Collected data entries:
lemma lbv_le_ubv:
  assumes "i \<in> {1..D}" "\<forall>\<phi>\<in>Pis \<Pi> D (i - 1). sat D y \<phi>"
  shows "lbv \<Pi> D i y \<le> ubv \<Pi> D i y"
  using bounds_compatible_Pis[OF assms] unfolding lbv_def ubv_def bounds_compatible_def
  by (auto intro!: SUP_least INF_greatest)

lemma mini_maxi_commute:
  assumes "finite \<Pi>" "i \<in> {1..D}" "\<forall>\<phi>\<in>Pis \<Pi> D (i - 1). sat D y \<phi>"
    and "ep > 0" "em > 0" "margins_fit (lbv \<Pi> D i y) (ubv \<Pi> D i y) ep em"
  shows "mini \<Pi> D i y em (maxi \<Pi> D i y ep a) = maxi \<Pi> D i y ep (mini \<Pi> D i y em a)"
proof -
  have "finite (Pis \<Pi> D i)" unfolding Pis_def using finite_elimk[OF assms(1)] .
  then show ?thesis
    unfolding maxi_eq_max_strict mini_eq_min_strict
    using assms(4-6) bounds_compatible_Pis[OF assms(2,3)]
    by (intro min_strict_max_strict_commute) (auto simp: posc_def negc_def lbv_def ubv_def)
qed

lemma sat_Pis_if_clipped:
  assumes "finite \<Pi>" "i \<in> {1..D}" "\<forall>\<phi>\<in>Pis \<Pi> D (i - 1). sat D y \<phi>"
    and "ep > 0" "em > 0" "margins_fit (lbv \<Pi> D i y) (ubv \<Pi> D i y) ep em"
    and yi: "y i = mini \<Pi> D i y em (maxi \<Pi> D i y ep a)"
  shows "\<forall>\<phi>\<in>Pis \<Pi> D i. sat D y \<phi>"
proof
  fix \<phi> assume \<phi>: "\<phi> \<in> Pis \<Pi> D i"
  have fin: "finite (Pis \<Pi> D i)" unfolding Pis_def using finite_elimk[OF assms(1)] .
  have "respects_upper (negc i (Pis \<Pi> D i)) (\<lambda>\<phi>. epsv D \<phi> i y) (y i)"
    unfolding yi mini_eq_min_strict
    using fin assms(5) by (intro respects_upper_min_strict) (auto simp: negc_def)
  moreover have "respects_lower (posc i (Pis \<Pi> D i)) (\<lambda>\<phi>. epsv D \<phi> i y) (y i)"
    unfolding yi mini_maxi_commute[OF assms(1-6)] unfolding maxi_eq_max_strict
    using fin assms(4) by (intro respects_lower_max_strict) (auto simp: posc_def)
  moreover have "\<phi> \<in> Pis \<Pi> D (i - 1)" if "coef \<phi> i = 0"
    using Pis_pred[of i D \<Pi>] assms(2) \<phi> that unfolding elim_def negc_def posc_def by auto
  ultimately show "sat D y \<phi>"
    using assms(2,3) \<phi> sat_posc_iff[OF assms(2)] sat_negc_iff[OF assms(2)]
    unfolding respects_lower_def respects_upper_def posc_def negc_def
    by (metis (mono_tags, lifting) linorder_neqE_linordered_idom mem_Collect_eq)
qed

theorem corollary1:
  fixes D :: nat and \<Pi> :: "lincon set" and x ep em :: "nat \<Rightarrow> real"
  assumes "finite \<Pi>"
    and "\<forall>\<phi>\<in>\<Pi>. \<forall>k. (k = 0 \<or> D < k) \<longrightarrow> coef \<phi> k = 0"
    and "satisfiable D \<Pi>"
    and "\<forall>i\<in>{1..D}. ep i > 0 \<and> em i > 0
          \<and> (lbv \<Pi> D i (CL \<Pi> D x ep em) < ubv \<Pi> D i (CL \<Pi> D x ep em) \<longrightarrow>
               lbv \<Pi> D i (CL \<Pi> D x ep em) + ereal (ep i) < ubv \<Pi> D i (CL \<Pi> D x ep em)
             \<and> ubv \<Pi> D i (CL \<Pi> D x ep em) - ereal (em i) > lbv \<Pi> D i (CL \<Pi> D x ep em))"
  shows "\<forall>i\<in>{1..D}.
           lbv \<Pi> D i (CL \<Pi> D x ep em) \<le> ubv \<Pi> D i (CL \<Pi> D x ep em)
         \<and> CL \<Pi> D x ep em i
             = mini \<Pi> D i (CL \<Pi> D x ep em) (em i) (maxi \<Pi> D i (CL \<Pi> D x ep em) (ep i) (x i))
         \<and> CL \<Pi> D x ep em i
             = maxi \<Pi> D i (CL \<Pi> D x ep em) (ep i) (mini \<Pi> D i (CL \<Pi> D x ep em) (em i) (x i))"
proof -
  define y where "y = CL \<Pi> D x ep em"
  have eps: "ep i > 0" "em i > 0" "margins_fit (lbv \<Pi> D i y) (ubv \<Pi> D i y) (ep i) (em i)"
    if "i \<in> {1..D}" for i
    using assms(4) that unfolding margins_fit_def y_def by auto
  have yi: "y i = mini \<Pi> D i y (em i) (maxi \<Pi> D i y (ep i) (x i))" if "i \<in> {1..D}" for i
    using CL_eq_mini_maxi[OF assms(2) that] unfolding y_def .
  have prefix_sat: "\<forall>\<phi>\<in>Pis \<Pi> D i. sat D y \<phi>" if "i \<le> D" for i
    using that
  proof (induction i)
    case 0
    show ?case using sat_Pis_0[OF assms(2,3)] .
  next
    case (Suc i)
    then have i: "Suc i \<in> {1..D}" by simp
    then show ?case using sat_Pis_if_clipped[OF assms(1) i _ eps[OF i] yi[OF i]] Suc by simp
  qed
  show ?thesis
  proof
    fix i assume i: "i \<in> {1..D}"
    then have "\<forall>\<phi>\<in>Pis \<Pi> D (i - 1). sat D y \<phi>" by (intro prefix_sat) auto
    then show "lbv \<Pi> D i (CL \<Pi> D x ep em) \<le> ubv \<Pi> D i (CL \<Pi> D x ep em)
         \<and> CL \<Pi> D x ep em i
             = mini \<Pi> D i (CL \<Pi> D x ep em) (em i) (maxi \<Pi> D i (CL \<Pi> D x ep em) (ep i) (x i))
         \<and> CL \<Pi> D x ep em i
             = maxi \<Pi> D i (CL \<Pi> D x ep em) (ep i) (mini \<Pi> D i (CL \<Pi> D x ep em) (em i) (x i))"
      using lbv_le_ubv[OF i] mini_maxi_commute[OF assms(1) i _ eps[OF i]] yi[OF i]
      unfolding y_def by simp
  qed
qed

**What is being asked**:
The records above need to be retyped in full, exactly as given.

**Solved problem**:
lemma lbv_le_ubv:
  assumes "i \<in> {1..D}" "\<forall>\<phi>\<in>Pis \<Pi> D (i - 1). sat D y \<phi>"
  shows "lbv \<Pi> D i y \<le> ubv \<Pi> D i y"
  using bounds_compatible_Pis[OF assms] unfolding lbv_def ubv_def bounds_compatible_def
  by (auto intro!: SUP_least INF_greatest)

lemma mini_maxi_commute:
  assumes "finite \<Pi>" "i \<in> {1..D}" "\<forall>\<phi>\<in>Pis \<Pi> D (i - 1). sat D y \<phi>"
    and "ep > 0" "em > 0" "margins_fit (lbv \<Pi> D i y) (ubv \<Pi> D i y) ep em"
  shows "mini \<Pi> D i y em (maxi \<Pi> D i y ep a) = maxi \<Pi> D i y ep (mini \<Pi> D i y em a)"
proof -
  have "finite (Pis \<Pi> D i)" unfolding Pis_def using finite_elimk[OF assms(1)] .
  then show ?thesis
    unfolding maxi_eq_max_strict mini_eq_min_strict
    using assms(4-6) bounds_compatible_Pis[OF assms(2,3)]
    by (intro min_strict_max_strict_commute) (auto simp: posc_def negc_def lbv_def ubv_def)
qed

lemma sat_Pis_if_clipped:
  assumes "finite \<Pi>" "i \<in> {1..D}" "\<forall>\<phi>\<in>Pis \<Pi> D (i - 1). sat D y \<phi>"
    and "ep > 0" "em > 0" "margins_fit (lbv \<Pi> D i y) (ubv \<Pi> D i y) ep em"
    and yi: "y i = mini \<Pi> D i y em (maxi \<Pi> D i y ep a)"
  shows "\<forall>\<phi>\<in>Pis \<Pi> D i. sat D y \<phi>"
proof
  fix \<phi> assume \<phi>: "\<phi> \<in> Pis \<Pi> D i"
  have fin: "finite (Pis \<Pi> D i)" unfolding Pis_def using finite_elimk[OF assms(1)] .
  have "respects_upper (negc i (Pis \<Pi> D i)) (\<lambda>\<phi>. epsv D \<phi> i y) (y i)"
    unfolding yi mini_eq_min_strict
    using fin assms(5) by (intro respects_upper_min_strict) (auto simp: negc_def)
  moreover have "respects_lower (posc i (Pis \<Pi> D i)) (\<lambda>\<phi>. epsv D \<phi> i y) (y i)"
    unfolding yi mini_maxi_commute[OF assms(1-6)] unfolding maxi_eq_max_strict
    using fin assms(4) by (intro respects_lower_max_strict) (auto simp: posc_def)
  moreover have "\<phi> \<in> Pis \<Pi> D (i - 1)" if "coef \<phi> i = 0"
    using Pis_pred[of i D \<Pi>] assms(2) \<phi> that unfolding elim_def negc_def posc_def by auto
  ultimately show "sat D y \<phi>"
    using assms(2,3) \<phi> sat_posc_iff[OF assms(2)] sat_negc_iff[OF assms(2)]
    unfolding respects_lower_def respects_upper_def posc_def negc_def
    by (metis (mono_tags, lifting) linorder_neqE_linordered_idom mem_Collect_eq)
qed

theorem corollary1:
  fixes D :: nat and \<Pi> :: "lincon set" and x ep em :: "nat \<Rightarrow> real"
  assumes "finite \<Pi>"
    and "\<forall>\<phi>\<in>\<Pi>. \<forall>k. (k = 0 \<or> D < k) \<longrightarrow> coef \<phi> k = 0"
    and "satisfiable D \<Pi>"
    and "\<forall>i\<in>{1..D}. ep i > 0 \<and> em i > 0
          \<and> (lbv \<Pi> D i (CL \<Pi> D x ep em) < ubv \<Pi> D i (CL \<Pi> D x ep em) \<longrightarrow>
               lbv \<Pi> D i (CL \<Pi> D x ep em) + ereal (ep i) < ubv \<Pi> D i (CL \<Pi> D x ep em)
             \<and> ubv \<Pi> D i (CL \<Pi> D x ep em) - ereal (em i) > lbv \<Pi> D i (CL \<Pi> D x ep em))"
  shows "\<forall>i\<in>{1..D}.
           lbv \<Pi> D i (CL \<Pi> D x ep em) \<le> ubv \<Pi> D i (CL \<Pi> D x ep em)
         \<and> CL \<Pi> D x ep em i
             = mini \<Pi> D i (CL \<Pi> D x ep em) (em i) (maxi \<Pi> D i (CL \<Pi> D x ep em) (ep i) (x i))
         \<and> CL \<Pi> D x ep em i
             = maxi \<Pi> D i (CL \<Pi> D x ep em) (ep i) (mini \<Pi> D i (CL \<Pi> D x ep em) (em i) (x i))"
proof -
  define y where "y = CL \<Pi> D x ep em"
  have eps: "ep i > 0" "em i > 0" "margins_fit (lbv \<Pi> D i y) (ubv \<Pi> D i y) (ep i) (em i)"
    if "i \<in> {1..D}" for i
    using assms(4) that unfolding margins_fit_def y_def by auto
  have yi: "y i = mini \<Pi> D i y (em i) (maxi \<Pi> D i y (ep i) (x i))" if "i \<in> {1..D}" for i
    using CL_eq_mini_maxi[OF assms(2) that] unfolding y_def .
  have prefix_sat: "\<forall>\<phi>\<in>Pis \<Pi> D i. sat D y \<phi>" if "i \<le> D" for i
    using that
  proof (induction i)
    case 0
    show ?case using sat_Pis_0[OF assms(2,3)] .
  next
    case (Suc i)
    then have i: "Suc i \<in> {1..D}" by simp
    then show ?case using sat_Pis_if_clipped[OF assms(1) i _ eps[OF i] yi[OF i]] Suc by simp
  qed
  show ?thesis
  proof
    fix i assume i: "i \<in> {1..D}"
    then have "\<forall>\<phi>\<in>Pis \<Pi> D (i - 1). sat D y \<phi>" by (intro prefix_sat) auto
    then show "lbv \<Pi> D i (CL \<Pi> D x ep em) \<le> ubv \<Pi> D i (CL \<Pi> D x ep em)
         \<and> CL \<Pi> D x ep em i
             = mini \<Pi> D i (CL \<Pi> D x ep em) (em i) (maxi \<Pi> D i (CL \<Pi> D x ep em) (ep i) (x i))
         \<and> CL \<Pi> D x ep em i
             = maxi \<Pi> D i (CL \<Pi> D x ep em) (ep i) (mini \<Pi> D i (CL \<Pi> D x ep em) (em i) (x i))"
      using lbv_le_ubv[OF i] mini_maxi_commute[OF assms(1) i _ eps[OF i]] yi[OF i]
      unfolding y_def by simp
  qed
qed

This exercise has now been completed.